Stored items:
● ● ●

lemma Pmeas_apply:
  "Pmeas v a (b1, a2) (b1', a2') = (if (b1 = a2) = (b1' = a2') then v a b1 * cnj (v a b1') else 0)"
  unfolding Pmeas_def proj11_def
  by (cases b1; cases a2; cases b1'; cases a2') (simp_all add: sum_UNIV_bool Vvec_apply xor2_def)

lemma Qmeas_apply:
  "Qmeas w b (b2, a1) (b2', a1') = (if (b2 = a1) = (b2' = a1') then w b a1 * cnj (w b a1') else 0)"
  unfolding Qmeas_def proj11_def
  by (cases a1; cases b2; cases a1'; cases b2') (simp_all add: sum_UNIV_bool Wvec_apply xor2_def)

lemma rho4_apply:
  "rho4 (b1, a1, b2, a2) (b1', a1', b2', a2') =
     (if b1 = a1 \<and> b1' = a1' \<and> b2 = a2 \<and> b2' = a2' then 1/4 else 0)"
proof -
  have "complex_of_real (1 / sqrt 2) * complex_of_real (1 / sqrt 2) = 1/2"
    by (simp flip: of_real_mult)
  then show ?thesis
    by (simp add: rho4_def PhiVec_def mult.assoc)
qed

text \<open>The anti-bits \<open>A\<^sub>1, A\<^sub>2\<close> are identified with the bits \<open>B\<^sub>1, B\<^sub>2\<close>, which swaps the
  arguments of \<open>Q\<close>.\<close>

lemma prob4_eq_sum:
  "prob4 P Q = (1/4) * (\<Sum>b1\<in>UNIV. \<Sum>b2\<in>UNIV. \<Sum>b1'\<in>UNIV. \<Sum>b2'\<in>UNIV.
      P (b1, b2) (b1', b2') * Q (b2, b1) (b2', b1'))"
  unfolding prob4_def trace4_def mult4_def tensorPQ_def
  by (simp only: sum_UNIV_prod sum_UNIV_bool rho4_apply) (simp add: algebra_simps)

lemma prob4_Pmeas_Qmeas:
  "prob4 (Pmeas v a) (Qmeas w b) =
     complex_of_real ((1/2) * (cmod (v a False * w b False + v a True * w b True))\<^sup>2)"
proof -
  let ?z = "v a False * w b False + v a True * w b True"
  have "prob4 (Pmeas v a) (Qmeas w b) = (1/2) * (?z * cnj ?z)"
    unfolding prob4_eq_sum Pmeas_apply Qmeas_apply by (simp add: sum_UNIV_bool algebra_simps)
  also have "\<dots> = complex_of_real ((1/2) * (cmod ?z)\<^sup>2)"
    by (simp only: of_real_mult complex_norm_square) simp
  finally show ?thesis .
qed

lemma pure11_Vvec:
  assumes "onb2 v"
  shows "pure11 (Vvec v a l)"
  using onb2_row_norm[OF assms, of a]
  by (cases l) (simp_all add: pure11_def sum_UNIV_bool Vvec_apply xor2_def)

lemma pure11_Wvec:
  assumes "onb2 w"
  shows "pure11 (Wvec w b l)"
  using onb2_row_norm[OF assms, of b]
  by (cases l) (simp_all add: pure11_def sum_UNIV_bool Wvec_apply xor2_def add.commute)

lemma admissible_effect11_sum_proj:
  fixes psi :: "bool \<Rightarrow> vec11"
  assumes "\<And>l. pure11 (psi l)"
  shows "admissible_effect11 (\<lambda>x y. \<Sum>l\<in>UNIV. proj11 (psi l) x y)"
  unfolding admissible_effect11_def
proof (intro exI conjI)
  show "\<forall>k<2. (0::real) \<le> 1 \<and> pure11 (psi (k = 1))"
    using assms by simp
  show "(\<lambda>x y. \<Sum>l\<in>UNIV. proj11 (psi l) x y) =
      (\<lambda>x y. \<Sum>k<2. complex_of_real 1 * proj11 (psi (k = (1::nat))) x y)"
    by (simp add: sum_UNIV_bool numeral_2_eq_2 add.commute)
qed

lemma valid_meas11_Pmeas:
  assumes "onb2 v"
  shows "valid_meas11 (Pmeas v)"
  unfolding valid_meas11_def
proof (intro conjI allI)
  show "admissible_effect11 (Pmeas v a)" for a
    unfolding Pmeas_def by (rule admissible_effect11_sum_proj, rule pure11_Vvec[OF assms])
  show "(\<Sum>a\<in>UNIV. Pmeas v a x y) = id11 x y" for x y
  proof (cases x, cases y)
    fix b1 a2 b1' a2'
    assume "x = (b1, a2)" "y = (b1', a2')"
    then show ?thesis
      using onb2_columns[OF assms, of b1 b1'] by (auto simp: sum_UNIV_bool Pmeas_apply id11_def)
  qed
qed

lemma valid_meas11_Qmeas:
  assumes "onb2 w"
  shows "valid_meas11 (Qmeas w)"
  unfolding valid_meas11_def
proof (intro conjI allI)
  show "admissible_effect11 (Qmeas w b)" for b
    unfolding Qmeas_def by (rule admissible_effect11_sum_proj, rule pure11_Wvec[OF assms])
  show "(\<Sum>b\<in>UNIV. Qmeas w b x y) = id11 x y" for x y
  proof (cases x, cases y)
    fix b2 a1 b2' a1'
    assume "x = (b2, a1)" "y = (b2', a1')"
    then show ?thesis
      using onb2_columns[OF assms, of a1 a1'] by (auto simp: sum_UNIV_bool Qmeas_apply id11_def)
  qed
qed

definition rot_basis :: "real \<Rightarrow> bool \<Rightarrow> bool \<Rightarrow> complex" where
  "rot_basis \<theta> a i = complex_of_real (if a = i then cos \<theta> else if a then - sin \<theta> else sin \<theta>)"

lemma onb2_rot_basis: "onb2 (rot_basis \<theta>)"
  unfolding rot_basis_def
  by (rule onb2_of_real) (auto simp: sum_UNIV_bool sin_cos_squared_add3 add.commute)

lemma Re_prob4_rot_basis:
  "Re (prob4 (Pmeas (rot_basis s) a) (Qmeas (rot_basis t) b)) =
     (1/2) * (if a = b then cos (s - t) else sin (s - t))\<^sup>2"
proof -
  have "rot_basis s a False * rot_basis t b False + rot_basis s a True * rot_basis t b True =
      complex_of_real (if a = b then cos (s - t) else if a then - sin (s - t) else sin (s - t))"
    by (cases a; cases b) (simp_all add: rot_basis_def cos_diff sin_diff flip: of_real_mult of_real_add)
  then show ?thesis
    by (simp add: prob4_Pmeas_Qmeas)
qed

lemma corr_rot_basis:
  "corr (\<lambda>x. Pmeas (rot_basis (\<alpha> x))) (\<lambda>y. Qmeas (rot_basis (\<beta> y))) x y =
     cos (2 * (\<alpha> x - \<beta> y))"
  using cos_double[of "\<alpha> x - \<beta> y"]
  by (simp add: corr_def sum_UNIV_bool pm1_def Re_prob4_rot_basis)

lemma chsh_rot_basis:
  "chsh (\<lambda>x. Pmeas (rot_basis (\<alpha> x))) (\<lambda>y. Qmeas (rot_basis (\<beta> y))) =
     cos (2 * (\<alpha> False - \<beta> False)) + cos (2 * (\<alpha> False - \<beta> True))
     + cos (2 * (\<alpha> True - \<beta> False)) - cos (2 * (\<alpha> True - \<beta> True))"
  by (simp add: chsh_def corr_rot_basis)

lemma chsh_tsirelson:
  "chsh (\<lambda>x. Pmeas (rot_basis (if x then pi/4 else 0)))
        (\<lambda>y. Qmeas (rot_basis (if y then - (pi/8) else pi/8))) = 2 * sqrt 2"
proof -
  have "cos (3 * pi / 4) = - cos (pi / 4)"
    using cos_pi_minus[of "pi / 4"] by (simp add: field_simps)
  then show ?thesis
    by (simp add: chsh_rot_basis field_simps cos_45)
qed

theorem mainTheorem3:
  shows "(\<forall>v w. onb2 v \<and> onb2 w \<longrightarrow>
            valid_meas11 (Pmeas v) \<and> valid_meas11 (Qmeas w) \<and>
            (\<forall>a b. prob4 (Pmeas v a) (Qmeas w b) =
               complex_of_real ((1/2) * (cmod (v a False * w b False + v a True * w b True))\<^sup>2)))
         \<and> (\<exists>vs ws. (\<forall>x. onb2 (vs x)) \<and> (\<forall>y. onb2 (ws y)) \<and>
              (\<forall>x. valid_meas11 (Pmeas (vs x))) \<and> (\<forall>y. valid_meas11 (Qmeas (ws y))) \<and>
              chsh (\<lambda>x. Pmeas (vs x)) (\<lambda>y. Qmeas (ws y)) = 2 * sqrt 2 \<and>
              chsh (\<lambda>x. Pmeas (vs x)) (\<lambda>y. Qmeas (ws y)) > 2)"
proof (intro conjI allI impI)
  show "valid_meas11 (Pmeas v)" "valid_meas11 (Qmeas w)" if "onb2 v \<and> onb2 w" for v w
    using that valid_meas11_Pmeas valid_meas11_Qmeas by blast+
  show "prob4 (Pmeas v a) (Qmeas w b) =
      complex_of_real ((1/2) * (cmod (v a False * w b False + v a True * w b True))\<^sup>2)" for v w a b
    by (rule prob4_Pmeas_Qmeas)
next
  let ?vs = "\<lambda>x. rot_basis (if x then pi/4 else 0)"
  let ?ws = "\<lambda>y. rot_basis (if y then - (pi/8) else pi/8)"
  have "2 < 2 * sqrt (2::real)"
    by simp
  then show "\<exists>vs ws. (\<forall>x. onb2 (vs x)) \<and> (\<forall>y. onb2 (ws y)) \<and>
      (\<forall>x. valid_meas11 (Pmeas (vs x))) \<and> (\<forall>y. valid_meas11 (Qmeas (ws y))) \<and>
      chsh (\<lambda>x. Pmeas (vs x)) (\<lambda>y. Qmeas (ws y)) = 2 * sqrt 2 \<and>
      chsh (\<lambda>x. Pmeas (vs x)) (\<lambda>y. Qmeas (ws y)) > 2"
    by (intro exI[of _ ?vs] exI[of _ ?ws])
      (simp add: onb2_rot_basis valid_meas11_Pmeas valid_meas11_Qmeas chsh_tsirelson)
qed

end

● ● ●

ACTIVITY:
Output only an exact transcription of the lines above from the one with "unfolding prob4_def trace4_def" up to and including the one with "using onb2_row_norm[OF assms, of a]".

WRITTEN SOLUTION:
  unfolding prob4_def trace4_def mult4_def tensorPQ_def
  by (simp only: sum_UNIV_prod sum_UNIV_bool rho4_apply) (simp add: algebra_simps)

lemma prob4_Pmeas_Qmeas:
  "prob4 (Pmeas v a) (Qmeas w b) =
     complex_of_real ((1/2) * (cmod (v a False * w b False + v a True * w b True))\<^sup>2)"
proof -
  let ?z = "v a False * w b False + v a True * w b True"
  have "prob4 (Pmeas v a) (Qmeas w b) = (1/2) * (?z * cnj ?z)"
    unfolding prob4_eq_sum Pmeas_apply Qmeas_apply by (simp add: sum_UNIV_bool algebra_simps)
  also have "\<dots> = complex_of_real ((1/2) * (cmod ?z)\<^sup>2)"
    by (simp only: of_real_mult complex_norm_square) simp
  finally show ?thesis .
qed

lemma pure11_Vvec:
  assumes "onb2 v"
  shows "pure11 (Vvec v a l)"
  using onb2_row_norm[OF assms, of a]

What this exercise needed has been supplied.